Similar reporting discrepancies exist in neighboring states, but Pennsylvania is one of several nationwide that do not have laws or guidelines outlining how contaminated properties should be cleaned or when they are safe to live in, according to the Environmental Protection Agency.

Pennsylvania also does not require sellers or landlords to disclose a former drug lab or dump site to future buyers or tenants.

A free public database maintained by the federal Drug Enforcement Administration lists addresses for 51 former drug labs or dump sites in Pennsylvania from 2017 to 2021. Most of those incidents involved meth production, but some labs may have been for other synthetic drugs.

Pennsylvania State Police, the agency that typically handles drug lab busts here, logged 923 incidents during that same time period. In 2021 alone, State Police reported 11 times more incidents than the DEA. Like the federal data, most of these incidents — about 85% — were related to meth.

Meth lab seizures peaked nationwide in 2004 and have been decreasing over the last 17 years, but the drug is still widely available throughout the country, a 2020 DEA report shows.

The majority of recent lab busts were small operations producing only a few ounces of meth at a time. Those incidents were concentrated in the Northeast, with such states as Pennsylvania and New York reporting some of the highest numbers of lab, dump site, and equipment seizures.

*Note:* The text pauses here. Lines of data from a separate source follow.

(* Let $p$ be an odd prime with $p\equiv 1\pmod 8$. Then there exists a perfect $B[-1,3](p)$ set if and only if the multiplicative order $o(-\tfrac32)$ of $-3\cdot 2^{-1}\bmod p$ in $\mathbb{Z}_p^\ast$ is odd and $4$ divides the multiplicative order $o(2)$ of $2$ in $\mathbb{Z}_p^\ast$.
   Context: $\mathbb{Z}_p^\ast$ is the multiplicative group of nonzero residues modulo $p$, and $o(x)$ denotes the order of $x$ in this group. A set $B\subseteq\mathbb{Z}_p$ is a perfect $B[-1,3](p)$ set if every nonzero element of $\mathbb{Z}_p$ has a unique representation $ab \bmod p$ with $a\in\{-1,1,2,3\}$ and $b\in B$ (and $0$ has no such representation); equivalently $B\subseteq\mathbb{Z}_p^\ast$, $|B|=(p-1)/4$, and the sets $\{-b,b,2b,3b\}$, $b\in B$, partition $\mathbb{Z}_p^\ast$. *)

theory Defs
  imports "HOL-Number_Theory.Number_Theory"
begin

text \<open>Residues of Z_p are represented by the integers 0,...,p-1.
  The multiplier set A = {-1,1,2,3} is taken as a set of integers and products
  are compared modulo p.\<close>

definition perfect_B_m1_3 :: "nat \<Rightarrow> int set \<Rightarrow> bool" where
  "perfect_B_m1_3 p B \<longleftrightarrow>
     B \<subseteq> {0..<int p} \<and>
     (\<forall>x\<in>{1..<int p}. \<exists>!ab. fst ab \<in> {-1,1,2,3} \<and> snd ab \<in> B \<and>
                                   [fst ab * snd ab = x] (mod int p)) \<and>
     (\<forall>a\<in>{-1,1,2,3}. \<forall>b\<in>B. \<not> [a * b = 0] (mod int p))"

definition minus_three_halves :: "nat \<Rightarrow> nat" where
  "minus_three_halves p = (THE c. c < p \<and> [2 * int c = -3] (mod int p))"

end

theory Submission
  imports Defs
begin

text \<open>Fix a primitive root \<open>g\<close> modulo \<open>p\<close> and write \<open>p - 1 = 2^e m\<close> with \<open>m\<close> odd. Put
  \<open>c = -3/2\<close>. A perfect set \<open>B\<close> is closed under multiplication by \<open>c\<close>, because the block
  \<open>{-b', b', 2b', 3b'}\<close> containing \<open>-3b\<close> must be the one with \<open>b' = cb\<close>; so if \<open>o(c)\<close> were
  even, \<open>c^(o(c)/2) = -1\<close> would put both \<open>b\<close> and \<open>-b\<close> into \<open>B\<close>. If \<open>4\<close> did not divide \<open>o(2)\<close>,
  the subgroup of order \<open>2m\<close> would contain \<open>-1\<close>, \<open>2\<close>, \<open>c\<close> and hence \<open>3 = -2c\<close>, so it would
  be a union of blocks and \<open>4\<close> would divide \<open>2m\<close>.

  Conversely, in discrete logarithms \<open>-1\<close>, \<open>2\<close>, \<open>c\<close> are \<open>2^(e-1) m\<close>, \<open>2^s u\<close> with \<open>u\<close> odd and
  \<open>s \<le> e - 2\<close> (as \<open>4\<close> divides \<open>o(2)\<close>), and a multiple of \<open>2^e\<close> (as \<open>o(c)\<close> is odd), and the
  logarithm of \<open>3\<close> is their sum. Modulo \<open>2^e\<close>, the four shifts flip the binary digits of
  positions \<open>s\<close> and \<open>e - 1\<close> in four different ways, so the powers \<open>g^k\<close> for which both digits
  of \<open>k\<close> vanish form a perfect set.\<close>

section \<open>Binary digits\<close>

lemma bit_add_pow2_mult_iff:
  fixes k w :: int
  shows "bit (k + 2 ^ n * w) n \<longleftrightarrow> bit k n \<noteq> odd w"
proof -
  have "(k + 2 ^ n * w) div 2 ^ n = k div 2 ^ n + w" by simp
  then show ?thesis by (auto simp: bit_iff_odd)
qed

lemma bit_cong_pow2:
  fixes k k' :: int
  assumes "[k = k'] (mod 2 ^ n)" "i < n"
  shows "bit k i \<longleftrightarrow> bit k' i"
proof -
  have "take_bit n k = take_bit n k'" using assms(1) by (simp add: take_bit_eq_mod cong_def)
  then show ?thesis using assms(2) by (metis bit_take_bit_iff)
qed

lemma bit_add_pow2_mult_low:
  fixes k w :: int
  assumes "i < n"
  shows "bit (k + 2 ^ n * w) i \<longleftrightarrow> bit k i"
  by (rule bit_cong_pow2[OF _ assms]) (simp add: cong_iff_dvd_diff)

lemma ex1_shift_bits_clear:
  fixes K u w v :: int
  assumes "s < l" "odd u" "odd w"
  shows "\<exists>!d \<in> {0, 2 ^ l * w, 2 ^ s * u, 2 ^ s * u + 2 ^ l * w + 2 ^ Suc l * v}.
           \<not> bit (K - d) s \<and> \<not> bit (K - d) l"
proof -
  define K' where "K' = K + 2 ^ s * (-u)"
  define K'' where "K'' = K' + 2 ^ Suc l * (-v)"
  have "odd (-u)" "odd (-w)" "s < Suc l" "l < Suc l" using assms by simp_all
  have b1: "bit (K - 2 ^ l * w) s \<longleftrightarrow> bit K s" "bit (K - 2 ^ l * w) l \<longleftrightarrow> \<not> bit K l"
    using bit_add_pow2_mult_low[OF assms(1), of K "-w"] bit_add_pow2_mult_iff[of K l "-w"] \<open>odd (-w)\<close>
    by simp_all
  have b2: "bit (K - 2 ^ s * u) s \<longleftrightarrow> \<not> bit K s" "K - 2 ^ s * u = K'"
    using bit_add_pow2_mult_iff[of K s "-u"] \<open>odd (-u)\<close> by (simp_all add: K'_def)
  have eq3: "K - (2 ^ s * u + 2 ^ l * w + 2 ^ Suc l * v) = K'' - 2 ^ l * w"
    by (simp add: K'_def K''_def algebra_simps)
  have "bit K'' s \<longleftrightarrow> bit K' s" "bit K'' l \<longleftrightarrow> bit K' l"
    unfolding K''_def using bit_add_pow2_mult_low \<open>s < Suc l\<close> \<open>l < Suc l\<close> by blast+
  then have b3: "bit (K - (2 ^ s * u + 2 ^ l * w + 2 ^ Suc l * v)) s \<longleftrightarrow> bit K' s"
      "bit (K - (2 ^ s * u + 2 ^ l * w + 2 ^ Suc l * v)) l \<longleftrightarrow> \<not> bit K' l"
    unfolding eq3
    using bit_add_pow2_mult_low[OF assms(1), of K'' "-w"] bit_add_pow2_mult_iff[of K'' l "-w"] \<open>odd (-w)\<close>
    by simp_all
  define D where "D = {0, 2 ^ l * w, 2 ^ s * u, 2 ^ s * u + 2 ^ l * w + 2 ^ Suc l * v :: int}"
  define P where "P d \<longleftrightarrow> \<not> bit (K - d) s \<and> \<not> bit (K - d) l" for d
  have "\<exists>d\<in>D. P d"
    using b1 b2 b3 unfolding D_def P_def by (cases "bit K s") auto
  moreover have "d = d'" if "d \<in> D" "d' \<in> D" "P d" "P d'" for d d'
    using that b1 b2 b3 unfolding D_def P_def by auto
  ultimately show ?thesis unfolding D_def P_def by blast
qed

State Police records show that lab or dump site incidents over the last five years primarily occurred in the northwestern corner of Pennsylvania, with other hot spots in Bedford, Columbia, Indiana, and Luzerne Counties.

Many household chemicals can be used to produce meth. When combined during the cooking process, residue is produced that can seep into walls, ceilings, floors, and furniture, according to the EPA.

The health risk and cleanup process vary, depending on which methods and chemicals were used, said Matt Stripp, director of toxicology in the emergency department at AHN Allegheny General Hospital in Pittsburgh. Metals such as lead or mercury might stay on surfaces unless they are wiped away, while other chemicals can linger in the air until a space is thoroughly ventilated.

“I think that gets to the heart of the issue,” Stripp said. “How do you ensure that all of these different things are removed when you have little to go on as to what was actually involved in the process?”

Meth use has predictable side effects: sweating, high blood pressure, and agitation. But low-level, chronic exposure to meth-related residue left in a home could trigger a range of symptoms that are hard to diagnose, and likely wouldn’t land someone in an emergency room, Stripp said.

The EPA has “voluntary guidelines” for testing and remediating a former meth lab, but states are not required to adopt them. Still, the EPA reported in August 2021 that a majority of states had some type of local guideline or law for cleaning properties that once contained a meth lab.

In Pennsylvania, the burden of cleaning a former meth lab falls to the property owner. The cost, which can be covered by insurance, runs from $15,000 to $30,000, companies providing remediation services told Spotlight PA.

The state’s housing market has boomed over the last two years, driving up prices in competitive markets around the Harrisburg, Philadelphia, and Pittsburgh metro areas.

As similar trends play out across the country and buyers dip into housing stock that may have been overlooked in a less competitive market, remediation services such as the Meth Lab Cleanup Co. expect to see more of these calls come their way, said Joseph Mazzuca, the company’s CEO of operations.

The Florida-based company handles about 700 meth remediation projects nationwide each year, including a current project in Pennsylvania.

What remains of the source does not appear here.